I have some rows of data:
data = [[1,2,3],
[4,5,6],
[7,8,9],
]
And I want to output this data in a table, e.g.
+---+---+---+
| 1 | 2 | 3 |
+---+---+---+
| 4 | 5 | 6 |
+---+---+---+
| 7 | 8 | 9 |
+---+---+---+
Obviously I could use a library like prettytable or download pandas or something but I'm very disinterested in doing that.

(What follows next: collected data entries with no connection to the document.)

lemma limsup_ln_gibbs_constant_tendsto_zero:
  fixes K D :: "nat \<Rightarrow> real \<Rightarrow> real"
  assumes K_ge: "\<And>n \<epsilon>. n \<ge> 1 \<Longrightarrow> \<epsilon> > 0 \<Longrightarrow> 1 \<le> K n \<epsilon>"
    and D_nonneg: "\<And>n \<epsilon>. \<epsilon> > 0 \<Longrightarrow> 0 \<le> D n \<epsilon>"
    and K_rate: "((\<lambda>\<epsilon>. limsup (\<lambda>n. ereal (ln (K n \<epsilon>) / real n))) \<longlongrightarrow> 0) (at_right 0)"
    and D_rate: "((\<lambda>\<epsilon>. limsup (\<lambda>n. ereal (D n \<epsilon> / real n))) \<longlongrightarrow> 0) (at_right 0)"
  shows "((\<lambda>\<epsilon>. limsup (\<lambda>n. ereal
           (ln (max (K n (\<epsilon> / 2)) (K n (2 * \<epsilon>)) * exp (D n (\<epsilon> / 2))) / real n))) \<longlongrightarrow> 0)
         (at_right 0)"
proof -
  have split: "ln (max (K n (\<epsilon> / 2)) (K n (2 * \<epsilon>)) * exp (D n (\<epsilon> / 2))) / real n
      = max (ln (K n (\<epsilon> / 2)) / real n) (ln (K n (2 * \<epsilon>)) / real n) + D n (\<epsilon> / 2) / real n"
    if "\<epsilon> > 0" for n \<epsilon>
  proof (cases "n = 0")
    case False
    then show ?thesis using K_ge[of n "\<epsilon> / 2"] K_ge[of n "2 * \<epsilon>"] that
      by (intro ln_max_mult_exp_div) auto
  qed simp
  have ln_K_nonneg: "0 \<le> ln (K n \<epsilon>) / real n" if "\<epsilon> > 0" for n \<epsilon>
    using K_ge[OF _ that, of n] by (cases "n = 0") auto
  have "((\<lambda>\<epsilon>. limsup (\<lambda>n. ereal (max (ln (K n (\<epsilon> / 2)) / real n) (ln (K n (2 * \<epsilon>)) / real n)
      + D n (\<epsilon> / 2) / real n))) \<longlongrightarrow> 0) (at_right 0)"
    using limsup_tendsto_zero_rescale[OF K_rate, of "1 / 2"] limsup_tendsto_zero_rescale[OF K_rate, of 2]
      limsup_tendsto_zero_rescale[OF D_rate, of "1 / 2"]
    by (intro limsup_tendsto_zero_max_add) (auto intro!: divide_nonneg_nonneg simp: ln_K_nonneg D_nonneg)
  then show ?thesis
    by (rule tendsto_cong[THEN iffD2, rotated])
      (auto simp: split eventually_at_right_field intro!: exI[of _ 1])
qed

theorem lemma4p3:
  fixes \<phi> :: "'a::metric_space \<Rightarrow> 'a"
    and G :: "nat \<Rightarrow> 'a \<Rightarrow> real"
    and P :: "'a measure"
  assumes compact_space: "compact (UNIV :: 'a set)"
    and cont: "continuous_on UNIV \<phi>"
    and GA: "asymp_additive \<phi> G"
    and prob: "prob_space P"
    and borelP: "sets P = sets borel"
    and supp: "measure_support P = UNIV"
    and gibbs_ae: "\<exists>K :: nat \<Rightarrow> real \<Rightarrow> real.
        (\<forall>n \<epsilon>. n \<ge> 1 \<and> \<epsilon> > 0 \<longrightarrow> K n \<epsilon> \<ge> 1 \<and>
           (AE x in P. exp (G n x - real n * pressure \<phi> G) / K n \<epsilon> \<le> measure P (bowen_ball \<phi> n x \<epsilon>) \<and>
                measure P (bowen_ball \<phi> n x \<epsilon>) \<le> K n \<epsilon> * exp (G n x - real n * pressure \<phi> G))) \<and>
        ((\<lambda>\<epsilon>. limsup (\<lambda>n. ereal (ln (K n \<epsilon>) / real n))) \<longlongrightarrow> 0) (at_right 0)"
  shows "weak_gibbs \<phi> G P"
proof -
  interpret prob_space P by fact
  obtain K :: "nat \<Rightarrow> real \<Rightarrow> real" where
    K: "\<And>n \<epsilon>. n \<ge> 1 \<Longrightarrow> \<epsilon> > 0 \<Longrightarrow> K n \<epsilon> \<ge> 1 \<and>
           (AE x in P. exp (G n x - real n * pressure \<phi> G) / K n \<epsilon> \<le> measure P (bowen_ball \<phi> n x \<epsilon>) \<and>
                measure P (bowen_ball \<phi> n x \<epsilon>) \<le> K n \<epsilon> * exp (G n x - real n * pressure \<phi> G))"
    and K_rate: "((\<lambda>\<epsilon>. limsup (\<lambda>n. ereal (ln (K n \<epsilon>) / real n))) \<longlongrightarrow> 0) (at_right 0)"
    using gibbs_ae by blast
  define D where "D n \<epsilon> = bowen_variation \<phi> n (G n) \<epsilon>" for n \<epsilon>
  have G_bdd: "bounded (range (G n))" for n using GA by (simp add: asymp_additive_def)
  have D_nonneg: "0 \<le> D n \<epsilon>" if "\<epsilon> > 0" for n \<epsilon>
    unfolding D_def using bowen_variation_nonneg[OF G_bdd that] .
  define K' where "K' n \<epsilon> = max (K n (\<epsilon> / 2)) (K n (2 * \<epsilon>)) * exp (D n (\<epsilon> / 2))" for n \<epsilon>
  have K_ge: "1 \<le> K n (\<epsilon> / 2)" "1 \<le> K n (2 * \<epsilon>)"
    and K_lower: "AE y in P. exp (G n y - real n * pressure \<phi> G) / K n (\<epsilon> / 2)
             \<le> measure P (bowen_ball \<phi> n y (\<epsilon> / 2))"
    and K_upper: "AE y in P. measure P (bowen_ball \<phi> n y (2 * \<epsilon>))
             \<le> K n (2 * \<epsilon>) * exp (G n y - real n * pressure \<phi> G)"
    if "n \<ge> 1" "\<epsilon> > 0" for n \<epsilon>
    using K[OF that(1), of "\<epsilon> / 2"] K[OF that(1), of "2 * \<epsilon>"] that(2) by (auto elim: AE_mp)
  have var: "\<bar>(G n x - real n * pressure \<phi> G) - (G n y - real n * pressure \<phi> G)\<bar> \<le> D n (\<epsilon> / 2)"
    if "y \<in> bowen_ball \<phi> n x (\<epsilon> / 2)" for n \<epsilon> x y
    using abs_diff_le_bowen_variation[OF G_bdd that] by (simp add: D_def)
  have "1 \<le> K' n \<epsilon> \<and>
      (\<forall>x. exp (G n x - real n * pressure \<phi> G) / K' n \<epsilon> \<le> measure P (bowen_ball \<phi> n x \<epsilon>) \<and>
           measure P (bowen_ball \<phi> n x \<epsilon>) \<le> K' n \<epsilon> * exp (G n x - real n * pressure \<phi> G))"
    if "n \<ge> 1" "\<epsilon> > 0" for n \<epsilon>
    unfolding K'_def
    using gibbs_bound_from_ae[OF finite_measure_axioms borelP supp cont that(2) K_ge[OF that]
        K_lower[OF that] K_upper[OF that] var]
    by simp
  moreover have "((\<lambda>\<epsilon>. limsup (\<lambda>n. ereal (ln (K' n \<epsilon>) / real n))) \<longlongrightarrow> 0) (at_right 0)"
    unfolding K'_def using K D_nonneg K_rate asymp_additive_bowen_variation[OF compact_space GA]
    by (intro limsup_ln_gibbs_constant_tendsto_zero) (auto simp: D_def)
  ultimately show ?thesis
    unfolding weak_gibbs_def using prob borelP by blast
qed

end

I just want to output my rows as tables in my Jupyter notebook cell. How do I do this?
There is a nice trick: wrap the data with pandas DataFrame.
import pandas as pd
data = [[1, 2], [3, 4]]
pd.DataFrame(data, columns=["Foo", "Bar"])
It displays data like:
| Foo | Bar |
0 | 1 | 2 |
1 | 3 | 4 |
I just discovered that tabulate has a HTML option and is rather simple to use.
Update: As of Jupyter v6 and later, the returned table should just render via the output cell:
import tabulate
data = [["Sun",696000,1989100000],
["Earth",6371,5973.6],
["Moon",1737,73.5],
["Mars",3390,641.85]]
table = tabulate.tabulate(data, tablefmt='html')
table
As for Jupyter v5 or earlier, you may need to be more explicit, similar to Werner's answer:
from IPython.display import HTML, display
display(HTML(table))
Still looking for something simple to use to create more complex table layouts like with latex syntax and formatting to merge cells and do variable substitution in a notebook:
Allow references to Python variables in Markdown cells #2958
I finally re-found the jupyter/IPython documentation that I was looking for.
I needed this:
from IPython.display import HTML, display
data = [[1,2,3],
[4,5,6],
[7,8,9],
]
display(HTML(
'<table><tr>{}</tr></table>'.format(
'</tr><tr>'.join(
'<td>{}</td>'.format('</td><td>'.join(str(_) for _ in row)) for row in data)
)
))
(I may have slightly mucked up the comprehensions, but display(HTML('some html here')) is what we needed)
tabletext fit this well
import tabletext
data = [[1,2,30],
[4,23125,6],
[7,8,999],
]
print tabletext.to_text(data)
result:
┌───┬───────┬─────┐
│ 1 │ 2 │ 30 │
├───┼───────┼─────┤
│ 4 │ 23125 │ 6 │
├───┼───────┼─────┤
│ 7 │ 8 │ 999 │
└───┴───────┴─────┘
If you don't mind using a bit of html, something like this should work.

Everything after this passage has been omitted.